**Recorded information**
========================
(* Let $\alpha>-1$, let $\phi(z)=\lambda z$ with $\lambda\ne0$ (so $0<|\lambda|\le1$), and let $\psi(z)=\sum_{k=1}^\infty\hat\psi_kz^k$ be analytic on $\mathbb{D}$ (so $\psi(0)=0$), with $C_{\psi,\phi}$ bounded on $L^2_a(dA_\alpha)$. Then for every integer $m\ge2$, $W(C_{\psi,\phi})$ contains the closed disc centred at the origin with radius $\dfrac12\sqrt{\dfrac{m!\,\Gamma(\alpha+3)}{\Gamma(m+\alpha+2)}}\,|\lambda\hat\psi_{m-1}|$.
   Context: $\mathbb{D}$ is the open unit disc. $L^2_a(dA_\alpha)$ is the weighted Bergman space of analytic $f$ on $\mathbb{D}$ with $\int_{\mathbb{D}}|f|^2dA_\alpha<\infty$, $dA_{\alpha}(z)=(\alpha+1)(1-|z|^2)^{\alpha}dA(z)$, $dA$ normalized area measure. $C_{\psi,\phi}f=\psi\cdot(f\circ\phi)$. $W(T)=\{\langle Tf,f\rangle:\|f\|=1\}$. *)

theory Defs
  imports "HOL-Analysis.Analysis"
begin

definition dA :: "real \<Rightarrow> complex measure" where
  "dA \<alpha> = density lborel
     (\<lambda>z. ennreal (indicator (ball 0 1) z * ((\<alpha> + 1) * (1 - (cmod z)\<^sup>2) powr \<alpha> / pi)))"

definition bergman :: "real \<Rightarrow> (complex \<Rightarrow> complex) set" where
  "bergman \<alpha> = {f. f holomorphic_on ball 0 1 \<and> integrable (dA \<alpha>) (\<lambda>z. (cmod (f z))\<^sup>2)}"

definition binner :: "real \<Rightarrow> (complex \<Rightarrow> complex) \<Rightarrow> (complex \<Rightarrow> complex) \<Rightarrow> complex" where
  "binner \<alpha> f g = integral\<^sup>L (dA \<alpha>) (\<lambda>z. f z * cnj (g z))"

definition bnorm :: "real \<Rightarrow> (complex \<Rightarrow> complex) \<Rightarrow> real" where
  "bnorm \<alpha> f = sqrt (integral\<^sup>L (dA \<alpha>) (\<lambda>z. (cmod (f z))\<^sup>2))"

definition wcomp :: "(complex \<Rightarrow> complex) \<Rightarrow> (complex \<Rightarrow> complex) \<Rightarrow> (complex \<Rightarrow> complex) \<Rightarrow> (complex \<Rightarrow> complex)" where
  "wcomp \<psi> \<phi> f = (\<lambda>z. \<psi> z * f (\<phi> z))"

definition wcomp_bounded :: "real \<Rightarrow> (complex \<Rightarrow> complex) \<Rightarrow> (complex \<Rightarrow> complex) \<Rightarrow> bool" where
  "wcomp_bounded \<alpha> \<psi> \<phi> \<longleftrightarrow>
     (\<forall>f\<in>bergman \<alpha>. wcomp \<psi> \<phi> f \<in> bergman \<alpha>) \<and>
     (\<exists>M. \<forall>f\<in>bergman \<alpha>. bnorm \<alpha> (wcomp \<psi> \<phi> f) \<le> M * bnorm \<alpha> f)"

definition numrange :: "real \<Rightarrow> ((complex \<Rightarrow> complex) \<Rightarrow> (complex \<Rightarrow> complex)) \<Rightarrow> complex set" where
  "numrange \<alpha> T = {binner \<alpha> (T f) f | f. f \<in> bergman \<alpha> \<and> bnorm \<alpha> f = 1}"

definition taylor_coeff :: "(complex \<Rightarrow> complex) \<Rightarrow> nat \<Rightarrow> complex" where
  "taylor_coeff f k = (deriv ^^ k) f 0 / of_nat (fact k)"

end

theory Submission
  imports Defs "HOL-Complex_Analysis.Complex_Analysis"
begin

text \<open>The normalised monomials \<open>e\<^sub>k = z\<^sup>k / \<parallel>z\<^sup>k\<parallel>\<close> are orthonormal in \<open>L\<^sup>2\<^sub>a(dA\<^sub>\<alpha>)\<close>,
  because \<open>dA\<^sub>\<alpha>\<close> is rotation invariant, and \<open>\<parallel>z\<^sup>k\<parallel>\<^sup>2 = k! \<Gamma>(\<alpha> + 2) / \<Gamma>(k + \<alpha> + 2)\<close> is a Beta
  integral. Integrating the Taylor series of \<open>\<psi>\<close> termwise gives
  \<open>\<langle>\<psi> z\<^sup>j, z\<^sup>k\<rangle> = \<psi>\<^sub>k\<^sub>-\<^sub>j \<parallel>z\<^sup>k\<parallel>\<^sup>2\<close> for \<open>j \<le> k\<close> and \<open>0\<close> otherwise. For \<open>f = a e\<^sub>1 + b e\<^sub>m\<close> with
  \<open>|a|\<^sup>2 + |b|\<^sup>2 = 1\<close> the condition \<open>\<psi>(0) = 0\<close> kills every term of \<open>\<langle>C\<^sub>\<psi>\<^sub>,\<^sub>\<phi> f, f\<rangle>\<close> except
  \<open>a cnj(b) \<lambda> \<psi>\<^sub>m\<^sub>-\<^sub>1 \<parallel>z\<^sup>m\<parallel> / \<parallel>z\<parallel>\<close>, and \<open>a cnj(b)\<close> ranges over the closed disc of radius \<open>1/2\<close>.\<close>

section \<open>Rotation invariance of Lebesgue measure on the plane\<close>

lemma sets_borel_ball [measurable]: "ball c r \<in> sets borel"
  by simp

lemma borel_measurable_Complex_pair:
  "(\<lambda>p. Complex (fst p) (snd p)) \<in> borel_measurable (lborel \<Otimes>\<^sub>M (lborel::real measure))"
proof -
  have "continuous_on UNIV (\<lambda>p::real\<times>real. Complex (fst p) (snd p))"
    unfolding Complex_eq by (intro continuous_intros)
  then show ?thesis
    by (simp add: lborel_prod borel_measurable_continuous_onI)
qed
lemma subgroup_A_part_supported_nonneg:
  assumes p: "p > 0" and V: "subgroup V (L n p)" and K: "subgroup K (L n p)"
    and t: "t \<in> V" "t \<in> K" "snd t > 0"
    and pattern: "patterns_realised_within (V \<inter> A n p) (snd t) D"
    and base: "{w \<in> V \<inter> A n p. supported_in w 0 D} \<subseteq> K"
    and w: "w \<in> V \<inter> A n p" "supported_in w 0 N"
  shows "w \<in> K"
  using w
proof (induction "nat N" arbitrary: w N rule: less_induct)
  case less
  interpret G: group "L n p" by (rule group_L[OF p])
  have Vc: "V \<subseteq> lamp_carrier n p" using subgroup.subset[OF V] by simp
  show ?case
  proof (cases "supported_in w 0 D")
    case True
    then show ?thesis using base less.prems by blast
  next
    case False
    then obtain z i where "fst w z i \<noteq> 0" "\<not> (0 \<le> z \<and> z < D)"
      unfolding supported_in_def by blast
    then have "D < N" "0 < N" using less.prems(2) unfolding supported_in_def by force+
    obtain u where u: "u \<in> V \<inter> A n p" "supported_in u 0 D"
      and agree: "\<And>z i. 0 \<le> z \<Longrightarrow> z < snd t \<Longrightarrow> fst u z i = fst w z i"
      using pattern less.prems unfolding patterns_realised_within_def by blast
    have uK: "u \<in> K" using base u by blast
    have "supported_in u 0 N" using u(2) \<open>D < N\<close> unfolding supported_in_def by force
    define v where "v = w \<otimes>\<^bsub>L n p\<^esub> inv\<^bsub>L n p\<^esub> u"
    have vV: "v \<in> V" unfolding v_def using V u less.prems
      by (intro subgroup.m_closed subgroup.m_inv_closed) auto
    have "snd v = 0"
      using less.prems u snd_inv_L[OF p] by (auto simp: v_def A_def)
    then have vA: "v \<in> A n p" using vV Vc by (auto simp: A_def)
    have "supported_in v (snd t) N"
      unfolding v_def using less.prems u \<open>supported_in u 0 N\<close>
      by (intro supported_in_mult_inv[OF p]) (auto intro: agree)
    then have "supported_in (shift (- 1 * snd t) v) 0 (N - snd t)"
      using supported_in_shift[of v "snd t" N "- 1 * snd t"] by simp
    moreover have "shift (- 1 * snd t) v \<in> V \<inter> A n p"
      using subgroup_shift_closed[OF p V t(1) vV vA] shift_in_A[OF vA] by blast
    moreover have "nat (N - snd t) < nat N" using \<open>0 < N\<close> t(3) by simp
    ultimately have "shift (- 1 * snd t) v \<in> K" using less.hyps by blast
    then have "shift (1 * snd t) (shift (- 1 * snd t) v) \<in> K"
      using subgroup_shift_closed[OF p K t(2)] shift_in_A[OF vA] by blast
    then have vK: "v \<in> K" by (simp add: shift_shift shift_0[OF vA])
    have "w = v \<otimes>\<^bsub>L n p\<^esub> u"
      using G.inv_solve_right[of v w u] less.prems u Vc vV by (auto simp: v_def)
    then show ?thesis using subgroup.m_closed[OF K vK uK] by simp
  qed
qed

lemma subgroup_A_part_subset:
  assumes p: "p > 0" and V: "subgroup V (L n p)" and K: "subgroup K (L n p)"
    and t: "t \<in> V" "t \<in> K" "snd t > 0"
    and pattern: "patterns_realised_within (V \<inter> A n p) (snd t) D"
    and base: "{w \<in> V \<inter> A n p. supported_in w 0 D} \<subseteq> K"
  shows "V \<inter> A n p \<subseteq> K"
proof
  fix w assume w: "w \<in> V \<inter> A n p"
  obtain q hi where "supported_in w (q * snd t) hi"
    using A_supported_from_multiple[OF t(3)] w by blast
  then have "supported_in (shift (- q * snd t) w) 0 (hi - q * snd t)"
    using supported_in_shift[of w "q * snd t" hi "- q * snd t"] by simp
  moreover have "shift (- q * snd t) w \<in> V \<inter> A n p"
    using subgroup_shift_closed[OF p V t(1)] shift_in_A w by blast
  ultimately have "shift (- q * snd t) w \<in> K"
    by (intro subgroup_A_part_supported_nonneg[OF p V K t pattern base]) auto
  then have "shift (q * snd t) (shift (- q * snd t) w) \<in> K"
    using subgroup_shift_closed[OF p K t(2)] shift_in_A w by blast
  then show "w \<in> K" using w shift_0[of w n p] by (simp add: shift_shift)
qed
(* Let $\gamma > 1$ and let $I$ be a $\gamma$-stable instance of the Euclidean Steiner tree problem with optimal Steiner tree $\mathrm{OPT}$. If $a_1, a_2$ are distinct terminals and $b$ is a Steiner point such that $a_1 b$ and $a_2 b$ are both edges of $\mathrm{OPT}$, then the angle $\angle a_1 b a_2$ is greater than $2\sin^{-1}(\gamma/2)$.
   Context: An instance of the Euclidean Steiner tree problem consists of a finite set $V \subset \mathbb{R}^d$, a set $T \subseteq V$ of terminals, and the complete graph on $V$ with edge weights $w_{uv} = \|u - v\|$. Points of $V \setminus T$ are Steiner points. A Steiner tree is a tree in this complete graph whose vertex set contains all of $T$; its weight is the sum of its edge weights. For $\gamma > 1$, the instance is $\gamma$-stable if it has a minimum-weight Steiner tree $\mathrm{OPT}$ such that for every $w' : V \times V \to \mathbb{R}_{\ge 0}$ with $w_{uv} \le w'_{uv} \le \gamma w_{uv}$ for all $u,v$, every minimum-weight Steiner tree with respect to $w'$ equals $\mathrm{OPT}$ (the $w'$ need not be Euclidean). $\angle a_1 b a_2 \in [0,\pi]$ is the angle at $b$ between the vectors $a_1 - b$ and $a_2 - b$. *)

theory Defs
  imports "HOL-Analysis.Analysis"
begin

definition adj :: "'a set set \<Rightarrow> 'a \<Rightarrow> 'a \<Rightarrow> bool" where
  "adj E x y \<longleftrightarrow> {x, y} \<in> E"

definition graph_on :: "'a set \<Rightarrow> 'a set set \<Rightarrow> bool" where
  "graph_on S E \<longleftrightarrow> (\<forall>e\<in>E. \<exists>u v. u \<in> S \<and> v \<in> S \<and> u \<noteq> v \<and> e = {u, v})"

definition connected_graph :: "'a set \<Rightarrow> 'a set set \<Rightarrow> bool" where
  "connected_graph S E \<longleftrightarrow> (\<forall>u\<in>S. \<forall>v\<in>S. (adj E)\<^sup>*\<^sup>* u v)"

definition acyclic_graph :: "'a set set \<Rightarrow> bool" where
  "acyclic_graph E \<longleftrightarrow> (\<forall>u v. {u, v} \<in> E \<longrightarrow> \<not> (adj (E - {{u, v}}))\<^sup>*\<^sup>* u v)"

definition is_tree :: "'a set \<Rightarrow> 'a set set \<Rightarrow> bool" where
  "is_tree S E \<longleftrightarrow> S \<noteq> {} \<and> graph_on S E \<and> connected_graph S E \<and> acyclic_graph E"

text \<open>A Steiner tree for terminals T in the complete graph on V.\<close>
definition steiner_tree :: "'a set \<Rightarrow> 'a set \<Rightarrow> 'a set \<times> 'a set set \<Rightarrow> bool" where
  "steiner_tree V T X \<longleftrightarrow> fst X \<subseteq> V \<and> T \<subseteq> fst X \<and> is_tree (fst X) (snd X)"

definition tree_weight :: "('a set \<Rightarrow> real) \<Rightarrow> 'a set \<times> 'a set set \<Rightarrow> real" where
  "tree_weight w X = (\<Sum>e\<in>snd X. w e)"

definition min_steiner_tree :: "('a set \<Rightarrow> real) \<Rightarrow> 'a set \<Rightarrow> 'a set \<Rightarrow> 'a set \<times> 'a set set \<Rightarrow> bool" where
  "min_steiner_tree w V T X \<longleftrightarrow> steiner_tree V T X \<and>
     (\<forall>Y. steiner_tree V T Y \<longrightarrow> tree_weight w X \<le> tree_weight w Y)"

definition eucl_w :: "'a::euclidean_space set \<Rightarrow> real" where
  "eucl_w e = (THE d. \<exists>u v. e = {u, v} \<and> d = norm (u - v))"

definition stable_opt :: "real \<Rightarrow> 'a::euclidean_space set \<Rightarrow> 'a set \<Rightarrow> 'a set \<times> 'a set set \<Rightarrow> bool" where
  "stable_opt \<gamma> V T OPT \<longleftrightarrow> min_steiner_tree eucl_w V T OPT \<and>
     (\<forall>w'. (\<forall>u\<in>V. \<forall>v\<in>V. u \<noteq> v \<longrightarrow>
              norm (u - v) \<le> w' {u, v} \<and> w' {u, v} \<le> \<gamma> * norm (u - v)) \<longrightarrow>
           (\<forall>X. min_steiner_tree w' V T X \<longrightarrow> X = OPT))"

definition gamma_stable :: "real \<Rightarrow> 'a::euclidean_space set \<Rightarrow> 'a set \<Rightarrow> bool" where
  "gamma_stable \<gamma> V T \<longleftrightarrow> (\<exists>OPT. stable_opt \<gamma> V T OPT)"

definition angle_at :: "'a::euclidean_space \<Rightarrow> 'a \<Rightarrow> 'a \<Rightarrow> real" where
  "angle_at a1 b a2 = arccos (((a1 - b) \<bullet> (a2 - b)) / (norm (a1 - b) * norm (a2 - b)))"

end

theory Submission
  imports Defs
begin

text \<open>Exchanging the edge \<open>a\<^sub>1b\<close> of OPT for \<open>a\<^sub>1a\<^sub>2\<close> (sliding it along \<open>ba\<^sub>2\<close>)
  gives another Steiner tree. Under the admissible perturbation that multiplies only the
  weight of \<open>a\<^sub>1b\<close> by \<open>\<gamma>\<close>, stability makes this tree strictly heavier than OPT, whence
  \<open>\<gamma> |a\<^sub>1 - b| < |a\<^sub>1 - a\<^sub>2|\<close>, and symmetrically \<open>\<gamma> |a\<^sub>2 - b| < |a\<^sub>1 - a\<^sub>2|\<close>.
  With \<open>x = |a\<^sub>1 - b|\<close>, \<open>y = |a\<^sub>2 - b|\<close> and \<open>\<theta>\<close> the angle at \<open>b\<close>, the law of cosines
  gives \<open>|a\<^sub>1 - a\<^sub>2|\<^sup>2 - (x - y)\<^sup>2 = 2xy(1 - cos \<theta>)\<close>, and the two inequalities make the
  left-hand side exceed \<open>\<gamma>\<^sup>2 xy\<close>. Hence \<open>cos \<theta> < 1 - \<gamma>\<^sup>2/2 = cos (2 arcsin (\<gamma>/2))\<close>;
  this also forces \<open>\<gamma> < 2\<close>, so the bound is meaningful.\<close>

lemma adj_commute: "adj E x y \<longleftrightarrow> adj E y x"
  unfolding adj_def by (simp add: insert_commute)

lemma rtranclp_adj_sym: "(adj E)\<^sup>*\<^sup>* x y \<Longrightarrow> (adj E)\<^sup>*\<^sup>* y x"
  using symp_rtranclp[of "adj E"] adj_commute by (metis sympD sympI)

lemma rtranclp_adj_edge: "{x, y} \<in> E \<Longrightarrow> (adj E)\<^sup>*\<^sup>* x y"
  by (simp add: adj_def r_into_rtranclp)

lemma rtranclp_adj_mono:
  assumes "(adj E)\<^sup>*\<^sup>* x y" and "E \<subseteq> F"
  shows "(adj F)\<^sup>*\<^sup>* x y"
proof -
  have "adj E \<le> adj F"
    using assms(2) by (auto simp: adj_def)
  then show ?thesis
    using rtranclp_mono assms(1) by blast
qed

lemma rtranclp_adj_insert_cases:
  assumes "(adj (insert {p, q} F))\<^sup>*\<^sup>* x y"
  shows "(adj F)\<^sup>*\<^sup>* x y \<or> ((adj F)\<^sup>*\<^sup>* x p \<and> (adj F)\<^sup>*\<^sup>* q y)
         \<or> ((adj F)\<^sup>*\<^sup>* x q \<and> (adj F)\<^sup>*\<^sup>* p y)"
  using assms
proof (induction rule: rtranclp_induct)
  case base
  then show ?case by simp
next
  case (step y z)
  show ?case
  proof (cases "adj F y z")
    case True
    with step.IH show ?thesis by (meson rtranclp.rtrancl_into_rtrancl)
  next
    case False
    with step.hyps(2) have "(y = p \<and> z = q) \<or> (y = q \<and> z = p)"
      by (auto simp: adj_def doubleton_eq_iff)
    with step.IH show ?thesis by (metis rtranclp_adj_sym rtranclp.rtrancl_refl rtranclp_trans)
  qed
qed

lemma rtranclp_adj_insert_shortcut:
  assumes "{p, u} \<in> H"
  shows "(adj (insert {q, p} H))\<^sup>*\<^sup>* = (adj (insert {q, u} H))\<^sup>*\<^sup>*"
proof -
  have shortcut: "(adj (insert {q, p'} H))\<^sup>*\<^sup>* \<le> (adj (insert {q, u'} H))\<^sup>*\<^sup>*"
    if "{p', u'} \<in> H" for p' u'
  proof -
    have "(adj (insert {q, u'} H))\<^sup>*\<^sup>* q p'"
      using that by (meson insertI1 insertI2 rtranclp_adj_edge rtranclp_adj_sym rtranclp_trans)
    moreover have "(adj (insert {q, u'} H))\<^sup>*\<^sup>* a c" if "{a, c} \<in> H" for a c
      using that by (simp add: rtranclp_adj_edge)
    ultimately have "adj (insert {q, p'} H) \<le> (adj (insert {q, u'} H))\<^sup>*\<^sup>*"
      by (auto simp: adj_def doubleton_eq_iff intro: rtranclp_adj_sym)
    then have "(adj (insert {q, p'} H))\<^sup>*\<^sup>* \<le> ((adj (insert {q, u'} H))\<^sup>*\<^sup>*)\<^sup>*\<^sup>*"
      by (rule rtranclp_mono)
    then show ?thesis
      by simp
  qed
  show ?thesis
    using antisym[OF shortcut[of p u] shortcut[of u p]] assms by (simp add: insert_commute)
qed

lemma graph_on_edgeD:
  assumes "graph_on S E" and "{x, y} \<in> E"
  shows "x \<noteq> y" and "x \<in> S" and "y \<in> S"
proof -
  obtain u v where "u \<in> S" "v \<in> S" "u \<noteq> v" "{x, y} = {u, v}"
    using assms unfolding graph_on_def by blast
  then show "x \<noteq> y" "x \<in> S" "y \<in> S"
    by (auto simp: doubleton_eq_iff)
qed

lemma acyclic_graphD:
  assumes "acyclic_graph E" and "{u, v} \<in> E" and "F \<subseteq> E - {{u, v}}"
  shows "\<not> (adj F)\<^sup>*\<^sup>* u v"
proof
  assume "(adj F)\<^sup>*\<^sup>* u v"
  then have "(adj (E - {{u, v}}))\<^sup>*\<^sup>* u v"
    using assms(3) by (rule rtranclp_adj_mono)
  then show False
    using assms(1,2) unfolding acyclic_graph_def by blast
qed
========================
**Exercise goal**
How many lines in these records hold the string "agree"? Reply with the number alone.

**Response area**
2